Leo Kelly (1927-2014) was many things, including (but not limited to) a prize-winning boxer, devout Catholic, amateur astronomer, self-taught photographer, secret painter, extreme house renovator, religious visionary, and inveterate rock collector. Kelly lived his whole life in the small mining town of Queenstown on Tasmania’s west coast. He never exhibited his art, which was first shown publicly two years after his death. Kelly's practice can easily be framed using deeply stigmatising and reductive clichés associated with so-called “outsider” artists: his story perfectly echoes the narratives of discovery and salvage that invariably mark the art-world appearance of artists categorised in this way. This paper tracks the impact of such preconceptions on posthumous interpretations of Kelly’s work. The handling of artists’ estates impacts the writing of art history in a very direct and practical way, particularly when the artist was not widely known as such at the time of their death, and when much of their creative output was not immediately recognisable as art. In this paper, I seek an alternative art historical framework for considering Kelly’s practice, and grapple with the challenges thrown up by my own and others’ presumptions about the meaning and significance of his body of work.

Biographies

Dr Anna Parlane, Monash University

Anna Parlane is Lecturer, Art History and Theory in Monash University’s Faculty of Art, Design and Architecture. Within a research area broadly including contemporary art and its recent histories, Anna has a particular interest in how alternative or marginalised epistemologies can be expressed through art practice. She is a co-researcher on the ARC Discovery Project Recentring Australian Art and a founding member and regular contributor to Memo Review. Her work has also appeared in peer-reviewed and industry publications including Burlington Contemporary, The Journal of New Zealand Studies, Discipline, emaj, Reading Room and Art in Australia.

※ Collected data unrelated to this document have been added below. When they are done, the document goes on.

theorem proposition1:
  fixes a \<tau> :: real
  assumes "\<tau> > 0" and "a > 2"
  shows "\<exists>\<gamma> c C :: real. 0 < \<gamma> \<and> \<gamma> \<le> 1/2 \<and> c > 0 \<and> C > 0 \<and>
    (\<forall>(s::nat) (d::nat) (m::nat) B. m = nat \<lfloor>\<gamma> * real d\<rfloor> \<longrightarrow> mom_partition d m B \<longrightarrow>
       1 \<le> s \<longrightarrow> real s < real m / 4 \<longrightarrow>
       (\<forall>P \<sigma> \<theta>. noise_class a \<tau> P \<longrightarrow> \<sigma> > 0 \<longrightarrow> sparse d s \<theta> \<longrightarrow>
          (let M = PiM {0..<d} (\<lambda>_. P);
               est = (\<lambda>\<xi>. mom_est B m (\<lambda>j. \<theta> j + \<sigma> * \<xi> j)) in
           measure M {\<xi> \<in> space M. 1/2 \<le> est \<xi> / \<sigma>\<^sup>2 \<and> est \<xi> / \<sigma>\<^sup>2 \<le> 3/2}
              \<ge> 1 - exp (- c * real d) \<and>
           (\<integral>\<^sup>+ \<xi>. ennreal \<bar>est \<xi> - \<sigma>\<^sup>2\<bar> \<partial>M) \<le> ennreal (C * \<sigma>\<^sup>2) \<and>
           (a > 4 \<longrightarrow> (\<integral>\<^sup>+ \<xi>. ennreal ((est \<xi> - \<sigma>\<^sup>2)\<^sup>2) \<partial>M) \<le> ennreal (C * \<sigma>^4)))))"
proof -
  obtain l where l: "0 < l" and trunc: "\<And>P. noise_class a \<tau> P \<Longrightarrow> (\<integral>x. x\<^sup>2 - min (x\<^sup>2) (l\<^sup>2) \<partial>P) \<le> 1/64"
    using noise_class_truncation_level[OF assms] by blast
  define N :: nat where "N = nat \<lceil>64 * l^4\<rceil> + 2"
  define K where "K = 16 + 16 * 2 powr (4 - a) * \<tau> powr a / (1 - 2 powr (4 - a))"
  define C where "C = max 5 (16 * K + 1)"
  have N: "2 \<le> N" "64 * l^4 \<le> N" unfolding N_def by linarith+
  show ?thesis
  proof (rule exI[of _ "1 / real N"], rule exI[of _ "1 / (64 * real N)"], rule exI[of _ C],
      intro conjI allI impI)
    fix s d m :: nat and B :: "nat \<Rightarrow> nat set" and P :: "real measure" and \<sigma> :: real
      and \<theta> :: "nat \<Rightarrow> real"
    assume m: "m = nat \<lfloor>1 / real N * real d\<rfloor>" and part: "mom_partition d m B" and "1 \<le> s"
      and s: "real s < real m / 4" and nc: "noise_class a \<tau> P" and \<sigma>: "\<sigma> > 0" and sp: "sparse d s \<theta>"
    interpret iid_noise P d using nc by (rule noise_class_iid_noise)
    have s4: "4 * s < m" using s by linarith
    have "0 < m" using s4 by simp
    note blocks = block_count_bounds[OF m this]
    have large: "64 * l^4 \<le> d div m" using N(2) blocks(1) by (simp add: order_trans)
    have "exp (- real m / 32) \<le> exp (- (1 / (64 * real N)) * d)"
      using blocks(3) N(1) by (simp add: field_simps)
    then have "1 - exp (- (1 / (64 * real N)) * d) \<le> M.prob {\<xi> \<in> space M.
        1/2 \<le> mom_est B m (\<lambda>j. \<theta> j + \<sigma> * \<xi> j) / \<sigma>\<^sup>2 \<and> mom_est B m (\<lambda>j. \<theta> j + \<sigma> * \<xi> j) / \<sigma>\<^sup>2 \<le> 3/2}"
      using prob_mom_est_within[OF part sp s4 \<sigma> l trunc[OF nc] large] by linarith
    moreover have "(\<integral>\<^sup>+\<xi>. ennreal \<bar>mom_est B m (\<lambda>j. \<theta> j + \<sigma> * \<xi> j) - \<sigma>\<^sup>2\<bar> \<partial>M) \<le> ennreal (C * \<sigma>\<^sup>2)"
      by (rule order_trans[OF nn_integral_abs_mom_est_error_le[OF part sp s4 blocks(2)]])
        (auto simp: C_def intro!: ennreal_leI mult_right_mono)
    moreover have "(\<integral>\<^sup>+\<xi>. ennreal ((mom_est B m (\<lambda>j. \<theta> j + \<sigma> * \<xi> j) - \<sigma>\<^sup>2)\<^sup>2) \<partial>M) \<le> ennreal (C * \<sigma>^4)"
      if "a > 4"
      by (rule order_trans[OF nn_integral_sq_mom_est_error_le[OF part sp s4 blocks(2)
          noise_class_fourth_moment[OF nc that assms(1), folded K_def]]])
        (auto simp: C_def intro!: ennreal_leI mult_right_mono)
    ultimately show "let M = PiM {0..<d} (\<lambda>_. P); est = (\<lambda>\<xi>. mom_est B m (\<lambda>j. \<theta> j + \<sigma> * \<xi> j)) in
        measure M {\<xi> \<in> space M. 1/2 \<le> est \<xi> / \<sigma>\<^sup>2 \<and> est \<xi> / \<sigma>\<^sup>2 \<le> 3/2} \<ge> 1 - exp (- (1 / (64 * real N)) * real d) \<and>
        (\<integral>\<^sup>+ \<xi>. ennreal \<bar>est \<xi> - \<sigma>\<^sup>2\<bar> \<partial>M) \<le> ennreal (C * \<sigma>\<^sup>2) \<and>
        (a > 4 \<longrightarrow> (\<integral>\<^sup>+ \<xi>. ennreal ((est \<xi> - \<sigma>\<^sup>2)\<^sup>2) \<partial>M) \<le> ennreal (C * \<sigma>^4))"
      unfolding Let_def by blast
  qed (use N in \<open>auto simp: C_def\<close>)
qed

end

Dr Anthony White, University of Melbourne

Anthony White’s research focuses on the history of modern and contemporary art. His current project, “Recentring Australian Art”, investigates artists who have been overlooked by mainstream art history. He is the author of Italian Modern Art in the Age of Fascism (2020); with Grace McQuilten, of Art as Enterprise: Social and Economic Engagement in Contemporary Art (2016); and Lucio Fontana: Between Utopia and Kitsch (2011). He has written for Grey Room, October, Third Text, and Artforum. He curated the exhibitions “Jackson Pollock’s Blue Poles” (National Gallery of Australia, 2002) and “The Art of Making Sense” (The Dax Centre, 2008).


Wart, aka Jen Waterhouse, Artist

I have been working as an artist all my adult life. In 2019 I received an Australia Council grant to work with the publishing industry and produced three solid book ideas. I have exhibited since 1980, performed at Cementa, Carriageworks, and Performance Space, and had residencies in Venice and Bundanon. I recently received a Create NSW grant to create work about beauty, scrutiny and ostracisation, looking through the eyes of a Ibis, and a Pink Flamingo. The resulting 2021 exhibition “Eye See Pink, Black and White” was at Rogue Pop Up Gallery. I have a studio in St Peters, Sydney.